Your assignment:
Filter the listing so that only lines with the word "longleftrightarrow" remain.

Source information:
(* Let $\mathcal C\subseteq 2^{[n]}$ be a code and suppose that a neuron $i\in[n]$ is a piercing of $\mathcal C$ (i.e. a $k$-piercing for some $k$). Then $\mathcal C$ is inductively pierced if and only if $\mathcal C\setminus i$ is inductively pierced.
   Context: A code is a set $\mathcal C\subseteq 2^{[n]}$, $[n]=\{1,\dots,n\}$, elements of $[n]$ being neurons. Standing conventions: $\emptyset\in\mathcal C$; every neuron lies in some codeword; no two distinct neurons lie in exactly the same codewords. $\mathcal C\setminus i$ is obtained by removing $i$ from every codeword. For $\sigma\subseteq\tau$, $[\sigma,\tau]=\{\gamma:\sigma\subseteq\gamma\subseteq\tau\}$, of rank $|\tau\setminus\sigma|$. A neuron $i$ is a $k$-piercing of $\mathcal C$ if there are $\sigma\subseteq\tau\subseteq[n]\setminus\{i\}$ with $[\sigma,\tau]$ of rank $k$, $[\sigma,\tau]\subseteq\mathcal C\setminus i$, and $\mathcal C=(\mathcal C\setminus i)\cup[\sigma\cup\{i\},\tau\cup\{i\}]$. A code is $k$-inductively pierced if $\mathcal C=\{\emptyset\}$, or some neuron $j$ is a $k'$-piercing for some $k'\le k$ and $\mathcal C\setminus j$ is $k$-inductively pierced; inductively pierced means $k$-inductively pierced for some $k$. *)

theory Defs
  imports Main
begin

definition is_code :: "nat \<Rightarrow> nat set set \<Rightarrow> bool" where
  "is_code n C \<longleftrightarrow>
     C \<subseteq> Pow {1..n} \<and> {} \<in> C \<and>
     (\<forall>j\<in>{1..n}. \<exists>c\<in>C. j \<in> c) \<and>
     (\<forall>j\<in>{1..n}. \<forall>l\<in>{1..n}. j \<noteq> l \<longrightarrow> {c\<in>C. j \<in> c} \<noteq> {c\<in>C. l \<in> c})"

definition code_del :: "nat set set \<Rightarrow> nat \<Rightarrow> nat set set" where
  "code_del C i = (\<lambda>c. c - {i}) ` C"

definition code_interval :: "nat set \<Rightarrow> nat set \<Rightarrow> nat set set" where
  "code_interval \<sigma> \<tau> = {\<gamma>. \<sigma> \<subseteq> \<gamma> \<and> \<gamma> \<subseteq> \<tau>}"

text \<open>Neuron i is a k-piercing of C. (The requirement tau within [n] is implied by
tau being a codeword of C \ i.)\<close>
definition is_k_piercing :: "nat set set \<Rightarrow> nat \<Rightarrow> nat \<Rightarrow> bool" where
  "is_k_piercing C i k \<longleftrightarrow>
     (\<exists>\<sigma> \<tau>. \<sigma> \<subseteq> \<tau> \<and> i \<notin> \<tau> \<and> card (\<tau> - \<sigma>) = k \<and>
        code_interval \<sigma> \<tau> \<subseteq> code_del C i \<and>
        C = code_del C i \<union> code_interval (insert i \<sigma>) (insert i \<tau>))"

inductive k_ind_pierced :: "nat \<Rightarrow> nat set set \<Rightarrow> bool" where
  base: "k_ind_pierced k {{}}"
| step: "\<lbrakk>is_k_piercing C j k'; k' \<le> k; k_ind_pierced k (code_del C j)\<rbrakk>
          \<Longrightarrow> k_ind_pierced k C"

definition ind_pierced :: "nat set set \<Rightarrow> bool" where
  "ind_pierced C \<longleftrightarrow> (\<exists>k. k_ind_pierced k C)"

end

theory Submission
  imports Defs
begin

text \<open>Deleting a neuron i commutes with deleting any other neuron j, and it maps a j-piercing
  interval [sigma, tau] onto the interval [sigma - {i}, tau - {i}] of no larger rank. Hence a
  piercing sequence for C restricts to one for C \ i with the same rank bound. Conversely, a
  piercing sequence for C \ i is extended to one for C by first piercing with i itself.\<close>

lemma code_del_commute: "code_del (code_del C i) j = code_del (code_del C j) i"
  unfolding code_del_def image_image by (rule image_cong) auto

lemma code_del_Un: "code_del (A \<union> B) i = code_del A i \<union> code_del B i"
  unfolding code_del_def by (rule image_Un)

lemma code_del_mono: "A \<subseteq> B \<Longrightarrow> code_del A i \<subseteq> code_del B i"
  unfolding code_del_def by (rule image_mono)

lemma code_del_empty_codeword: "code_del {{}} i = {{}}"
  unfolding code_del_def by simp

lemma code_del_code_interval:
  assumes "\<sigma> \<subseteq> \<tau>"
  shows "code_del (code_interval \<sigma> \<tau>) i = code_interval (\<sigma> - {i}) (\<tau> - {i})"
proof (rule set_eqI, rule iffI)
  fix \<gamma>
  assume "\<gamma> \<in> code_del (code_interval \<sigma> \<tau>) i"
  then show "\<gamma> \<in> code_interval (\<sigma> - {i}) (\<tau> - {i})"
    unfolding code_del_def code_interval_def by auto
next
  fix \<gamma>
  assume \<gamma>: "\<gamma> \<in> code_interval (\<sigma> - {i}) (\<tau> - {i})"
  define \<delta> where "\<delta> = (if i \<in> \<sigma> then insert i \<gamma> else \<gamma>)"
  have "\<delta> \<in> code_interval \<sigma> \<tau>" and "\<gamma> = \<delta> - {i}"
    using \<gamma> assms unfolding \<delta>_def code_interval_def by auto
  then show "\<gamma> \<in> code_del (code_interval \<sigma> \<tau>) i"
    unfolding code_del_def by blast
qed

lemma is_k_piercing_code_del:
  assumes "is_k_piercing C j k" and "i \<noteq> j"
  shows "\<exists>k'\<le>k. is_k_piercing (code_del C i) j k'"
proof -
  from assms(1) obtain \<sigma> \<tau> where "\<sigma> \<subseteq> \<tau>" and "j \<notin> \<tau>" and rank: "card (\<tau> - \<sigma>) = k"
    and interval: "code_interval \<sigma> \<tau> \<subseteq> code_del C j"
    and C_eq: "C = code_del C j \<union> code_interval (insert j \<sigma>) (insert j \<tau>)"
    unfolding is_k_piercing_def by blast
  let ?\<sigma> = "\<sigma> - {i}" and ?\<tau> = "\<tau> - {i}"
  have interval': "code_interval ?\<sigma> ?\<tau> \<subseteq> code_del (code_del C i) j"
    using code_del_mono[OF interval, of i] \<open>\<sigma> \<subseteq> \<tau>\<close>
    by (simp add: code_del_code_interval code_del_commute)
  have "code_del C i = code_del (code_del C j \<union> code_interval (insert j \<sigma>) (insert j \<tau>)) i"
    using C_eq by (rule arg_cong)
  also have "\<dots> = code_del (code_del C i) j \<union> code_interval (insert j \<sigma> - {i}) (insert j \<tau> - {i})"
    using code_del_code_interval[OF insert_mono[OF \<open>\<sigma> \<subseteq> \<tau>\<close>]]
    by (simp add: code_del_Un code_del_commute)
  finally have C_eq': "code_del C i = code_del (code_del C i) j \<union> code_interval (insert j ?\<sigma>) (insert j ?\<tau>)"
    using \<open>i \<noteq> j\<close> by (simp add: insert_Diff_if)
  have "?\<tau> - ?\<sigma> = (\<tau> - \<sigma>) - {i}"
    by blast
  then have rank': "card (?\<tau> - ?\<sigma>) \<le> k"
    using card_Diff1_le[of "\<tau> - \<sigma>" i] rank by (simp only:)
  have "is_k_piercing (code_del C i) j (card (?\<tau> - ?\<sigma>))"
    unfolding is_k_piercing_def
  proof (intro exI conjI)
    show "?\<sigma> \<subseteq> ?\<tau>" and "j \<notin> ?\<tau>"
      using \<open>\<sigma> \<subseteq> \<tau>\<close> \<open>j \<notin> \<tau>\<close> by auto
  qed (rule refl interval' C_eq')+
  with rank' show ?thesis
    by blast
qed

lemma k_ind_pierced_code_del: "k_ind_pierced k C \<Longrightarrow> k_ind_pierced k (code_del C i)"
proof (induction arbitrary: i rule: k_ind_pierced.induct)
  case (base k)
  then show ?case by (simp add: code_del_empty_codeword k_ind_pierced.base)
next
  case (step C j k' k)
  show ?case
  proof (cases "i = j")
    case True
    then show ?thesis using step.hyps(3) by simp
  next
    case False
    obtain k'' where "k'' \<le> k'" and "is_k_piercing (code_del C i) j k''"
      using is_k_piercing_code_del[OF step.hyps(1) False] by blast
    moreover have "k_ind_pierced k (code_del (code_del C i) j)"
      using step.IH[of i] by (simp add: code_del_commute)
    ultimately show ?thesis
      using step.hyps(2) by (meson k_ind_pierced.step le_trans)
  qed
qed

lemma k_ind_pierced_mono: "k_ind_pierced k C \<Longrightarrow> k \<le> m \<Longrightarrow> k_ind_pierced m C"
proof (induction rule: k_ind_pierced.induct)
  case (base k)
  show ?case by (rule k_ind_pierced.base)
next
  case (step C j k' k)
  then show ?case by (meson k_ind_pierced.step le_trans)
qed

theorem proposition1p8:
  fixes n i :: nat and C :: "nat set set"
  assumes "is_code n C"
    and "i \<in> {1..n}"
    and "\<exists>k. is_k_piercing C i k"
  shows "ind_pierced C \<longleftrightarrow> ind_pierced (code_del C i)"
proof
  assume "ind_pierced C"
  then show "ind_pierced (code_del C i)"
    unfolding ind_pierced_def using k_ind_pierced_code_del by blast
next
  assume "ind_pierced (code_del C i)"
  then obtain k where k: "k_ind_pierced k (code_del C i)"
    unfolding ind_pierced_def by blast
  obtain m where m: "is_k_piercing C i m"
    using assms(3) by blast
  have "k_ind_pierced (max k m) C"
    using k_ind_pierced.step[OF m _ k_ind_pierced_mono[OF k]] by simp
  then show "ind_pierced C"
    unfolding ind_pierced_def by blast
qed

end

==

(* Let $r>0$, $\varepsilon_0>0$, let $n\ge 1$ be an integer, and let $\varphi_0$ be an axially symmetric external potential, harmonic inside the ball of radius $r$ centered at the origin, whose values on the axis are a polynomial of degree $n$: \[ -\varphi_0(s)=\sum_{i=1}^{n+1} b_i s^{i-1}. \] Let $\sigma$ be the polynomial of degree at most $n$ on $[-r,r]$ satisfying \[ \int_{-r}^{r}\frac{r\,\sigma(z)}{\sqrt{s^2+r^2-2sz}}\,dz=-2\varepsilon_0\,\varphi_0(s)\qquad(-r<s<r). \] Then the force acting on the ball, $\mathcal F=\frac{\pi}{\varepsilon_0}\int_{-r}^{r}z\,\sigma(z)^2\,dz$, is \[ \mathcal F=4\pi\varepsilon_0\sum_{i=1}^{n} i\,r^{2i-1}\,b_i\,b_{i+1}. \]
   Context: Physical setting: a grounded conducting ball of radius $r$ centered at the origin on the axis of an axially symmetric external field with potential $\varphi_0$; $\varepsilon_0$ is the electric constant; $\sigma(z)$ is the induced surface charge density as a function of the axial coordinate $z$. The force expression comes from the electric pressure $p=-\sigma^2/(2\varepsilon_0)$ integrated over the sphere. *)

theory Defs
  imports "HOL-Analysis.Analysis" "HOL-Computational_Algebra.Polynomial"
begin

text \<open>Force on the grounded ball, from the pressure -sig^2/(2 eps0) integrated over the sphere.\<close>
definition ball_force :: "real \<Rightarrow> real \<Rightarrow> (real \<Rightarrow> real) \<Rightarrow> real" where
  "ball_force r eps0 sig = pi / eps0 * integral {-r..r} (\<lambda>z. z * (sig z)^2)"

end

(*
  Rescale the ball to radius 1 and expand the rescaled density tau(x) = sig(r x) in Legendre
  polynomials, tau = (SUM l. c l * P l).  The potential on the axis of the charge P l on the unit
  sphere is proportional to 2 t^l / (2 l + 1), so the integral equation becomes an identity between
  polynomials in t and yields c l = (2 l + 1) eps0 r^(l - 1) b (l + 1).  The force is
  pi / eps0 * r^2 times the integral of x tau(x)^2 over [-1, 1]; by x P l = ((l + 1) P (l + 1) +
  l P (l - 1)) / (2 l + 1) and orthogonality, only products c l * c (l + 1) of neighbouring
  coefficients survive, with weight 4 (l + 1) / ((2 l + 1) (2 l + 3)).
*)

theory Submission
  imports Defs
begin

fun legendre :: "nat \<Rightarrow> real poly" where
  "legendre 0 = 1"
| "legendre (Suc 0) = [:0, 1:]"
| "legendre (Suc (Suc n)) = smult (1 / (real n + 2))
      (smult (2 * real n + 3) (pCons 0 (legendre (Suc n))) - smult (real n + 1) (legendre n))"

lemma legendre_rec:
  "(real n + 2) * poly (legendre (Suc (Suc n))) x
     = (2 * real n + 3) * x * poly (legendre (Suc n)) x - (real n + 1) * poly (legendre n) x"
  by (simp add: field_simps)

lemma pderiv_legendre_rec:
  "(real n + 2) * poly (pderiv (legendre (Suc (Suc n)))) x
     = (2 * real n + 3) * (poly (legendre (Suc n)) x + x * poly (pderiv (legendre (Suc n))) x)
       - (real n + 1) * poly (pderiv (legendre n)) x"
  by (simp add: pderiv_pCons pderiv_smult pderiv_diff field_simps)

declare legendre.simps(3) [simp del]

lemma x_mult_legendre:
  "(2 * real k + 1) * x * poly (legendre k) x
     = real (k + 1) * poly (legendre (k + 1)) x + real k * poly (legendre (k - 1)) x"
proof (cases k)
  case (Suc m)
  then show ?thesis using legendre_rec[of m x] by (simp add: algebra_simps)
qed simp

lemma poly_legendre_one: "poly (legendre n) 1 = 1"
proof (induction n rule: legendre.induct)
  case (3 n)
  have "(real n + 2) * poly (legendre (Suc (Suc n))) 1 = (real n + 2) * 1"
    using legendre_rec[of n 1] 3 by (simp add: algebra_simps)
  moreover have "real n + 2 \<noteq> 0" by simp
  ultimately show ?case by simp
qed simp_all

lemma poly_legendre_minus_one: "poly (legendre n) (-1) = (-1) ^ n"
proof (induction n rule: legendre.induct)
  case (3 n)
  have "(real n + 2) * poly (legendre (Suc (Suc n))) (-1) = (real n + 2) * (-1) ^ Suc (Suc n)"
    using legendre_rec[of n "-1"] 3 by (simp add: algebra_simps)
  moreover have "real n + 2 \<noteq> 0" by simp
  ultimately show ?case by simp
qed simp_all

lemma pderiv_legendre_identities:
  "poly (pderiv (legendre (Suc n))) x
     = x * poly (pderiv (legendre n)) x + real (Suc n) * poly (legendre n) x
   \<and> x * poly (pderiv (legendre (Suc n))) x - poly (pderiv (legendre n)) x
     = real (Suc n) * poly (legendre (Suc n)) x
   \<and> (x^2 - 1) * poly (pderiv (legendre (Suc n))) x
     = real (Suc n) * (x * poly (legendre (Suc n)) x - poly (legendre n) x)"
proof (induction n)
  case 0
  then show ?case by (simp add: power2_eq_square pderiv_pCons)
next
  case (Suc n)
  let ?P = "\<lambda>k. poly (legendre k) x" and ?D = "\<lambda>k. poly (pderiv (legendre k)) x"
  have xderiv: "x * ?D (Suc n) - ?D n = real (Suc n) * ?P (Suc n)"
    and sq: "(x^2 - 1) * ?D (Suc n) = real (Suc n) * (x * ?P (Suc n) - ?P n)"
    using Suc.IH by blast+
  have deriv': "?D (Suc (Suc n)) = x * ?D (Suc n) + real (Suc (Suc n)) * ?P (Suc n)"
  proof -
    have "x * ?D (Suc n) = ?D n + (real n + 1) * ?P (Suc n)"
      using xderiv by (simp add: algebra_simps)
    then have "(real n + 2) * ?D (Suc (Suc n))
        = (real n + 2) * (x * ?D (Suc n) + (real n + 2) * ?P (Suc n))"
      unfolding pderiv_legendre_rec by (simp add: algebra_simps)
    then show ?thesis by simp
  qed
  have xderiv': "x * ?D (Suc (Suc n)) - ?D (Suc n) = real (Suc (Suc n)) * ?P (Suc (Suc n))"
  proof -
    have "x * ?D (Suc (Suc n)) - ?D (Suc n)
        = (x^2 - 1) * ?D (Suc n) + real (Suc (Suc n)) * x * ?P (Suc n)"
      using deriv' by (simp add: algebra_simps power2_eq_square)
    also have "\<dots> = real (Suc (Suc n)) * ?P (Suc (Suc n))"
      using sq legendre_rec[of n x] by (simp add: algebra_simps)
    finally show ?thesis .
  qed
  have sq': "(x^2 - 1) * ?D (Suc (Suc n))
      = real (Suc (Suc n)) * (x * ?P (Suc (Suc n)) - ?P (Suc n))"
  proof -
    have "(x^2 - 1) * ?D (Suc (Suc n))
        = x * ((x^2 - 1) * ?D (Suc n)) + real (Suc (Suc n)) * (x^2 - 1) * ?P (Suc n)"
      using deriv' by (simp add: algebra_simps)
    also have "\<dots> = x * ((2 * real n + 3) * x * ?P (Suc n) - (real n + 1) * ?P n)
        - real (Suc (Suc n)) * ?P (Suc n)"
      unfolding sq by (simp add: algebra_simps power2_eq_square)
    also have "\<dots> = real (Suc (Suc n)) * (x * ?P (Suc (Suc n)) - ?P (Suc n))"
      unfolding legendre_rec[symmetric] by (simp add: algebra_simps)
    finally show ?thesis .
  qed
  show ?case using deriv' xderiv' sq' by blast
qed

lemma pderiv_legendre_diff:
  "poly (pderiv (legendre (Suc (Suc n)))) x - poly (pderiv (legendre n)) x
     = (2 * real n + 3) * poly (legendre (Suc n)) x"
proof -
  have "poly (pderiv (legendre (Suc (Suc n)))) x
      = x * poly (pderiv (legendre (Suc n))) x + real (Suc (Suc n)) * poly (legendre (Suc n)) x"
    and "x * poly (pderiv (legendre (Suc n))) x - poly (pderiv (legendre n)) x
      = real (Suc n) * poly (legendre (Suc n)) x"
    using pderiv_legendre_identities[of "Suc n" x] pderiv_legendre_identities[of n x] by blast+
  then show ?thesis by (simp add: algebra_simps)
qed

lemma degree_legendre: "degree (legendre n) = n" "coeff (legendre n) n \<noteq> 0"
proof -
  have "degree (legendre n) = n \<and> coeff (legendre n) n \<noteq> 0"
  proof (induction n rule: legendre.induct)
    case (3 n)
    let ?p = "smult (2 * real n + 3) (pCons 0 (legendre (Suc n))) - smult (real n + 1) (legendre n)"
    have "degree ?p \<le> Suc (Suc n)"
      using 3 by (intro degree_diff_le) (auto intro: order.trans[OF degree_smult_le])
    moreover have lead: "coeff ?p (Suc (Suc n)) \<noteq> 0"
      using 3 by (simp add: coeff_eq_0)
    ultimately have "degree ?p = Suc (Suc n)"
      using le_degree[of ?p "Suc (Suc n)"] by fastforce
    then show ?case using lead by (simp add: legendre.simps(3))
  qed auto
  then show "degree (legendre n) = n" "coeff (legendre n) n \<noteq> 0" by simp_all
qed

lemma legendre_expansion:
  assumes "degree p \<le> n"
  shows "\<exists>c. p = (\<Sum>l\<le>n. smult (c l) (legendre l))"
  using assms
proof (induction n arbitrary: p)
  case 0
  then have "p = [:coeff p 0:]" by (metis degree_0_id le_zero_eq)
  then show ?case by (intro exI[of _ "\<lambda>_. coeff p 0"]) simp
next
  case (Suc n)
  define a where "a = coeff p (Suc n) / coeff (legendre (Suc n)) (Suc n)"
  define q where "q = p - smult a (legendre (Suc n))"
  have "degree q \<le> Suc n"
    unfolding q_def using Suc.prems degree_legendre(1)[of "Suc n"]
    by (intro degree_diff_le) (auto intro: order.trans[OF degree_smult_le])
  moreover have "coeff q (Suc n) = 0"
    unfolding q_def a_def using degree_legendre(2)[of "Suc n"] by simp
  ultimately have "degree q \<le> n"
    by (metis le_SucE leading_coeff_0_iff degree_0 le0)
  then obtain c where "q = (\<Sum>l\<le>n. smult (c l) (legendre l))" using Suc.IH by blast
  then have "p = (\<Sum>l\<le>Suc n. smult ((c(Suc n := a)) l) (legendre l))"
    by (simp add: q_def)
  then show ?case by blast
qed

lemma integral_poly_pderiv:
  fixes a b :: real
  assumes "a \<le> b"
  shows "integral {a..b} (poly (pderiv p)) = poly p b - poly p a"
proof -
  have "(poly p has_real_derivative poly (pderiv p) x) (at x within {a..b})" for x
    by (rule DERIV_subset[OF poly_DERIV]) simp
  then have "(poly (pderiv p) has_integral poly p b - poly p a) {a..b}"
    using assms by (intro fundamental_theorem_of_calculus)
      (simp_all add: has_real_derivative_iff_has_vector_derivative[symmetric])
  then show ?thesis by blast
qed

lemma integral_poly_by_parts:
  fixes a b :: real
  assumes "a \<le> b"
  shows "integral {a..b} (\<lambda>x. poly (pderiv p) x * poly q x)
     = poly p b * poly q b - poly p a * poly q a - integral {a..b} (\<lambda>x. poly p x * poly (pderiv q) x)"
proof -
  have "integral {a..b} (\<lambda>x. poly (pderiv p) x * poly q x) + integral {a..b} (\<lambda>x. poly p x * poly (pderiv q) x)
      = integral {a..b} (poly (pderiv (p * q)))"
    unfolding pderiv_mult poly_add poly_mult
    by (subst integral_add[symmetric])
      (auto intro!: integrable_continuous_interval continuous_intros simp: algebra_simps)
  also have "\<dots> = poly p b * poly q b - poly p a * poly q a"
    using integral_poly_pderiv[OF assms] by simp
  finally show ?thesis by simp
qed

Reply to the exercise:
  "is_code n C \<longleftrightarrow>
  "is_k_piercing C i k \<longleftrightarrow>
  "ind_pierced C \<longleftrightarrow> (\<exists>k. k_ind_pierced k C)"
  shows "ind_pierced C \<longleftrightarrow> ind_pierced (code_del C i)"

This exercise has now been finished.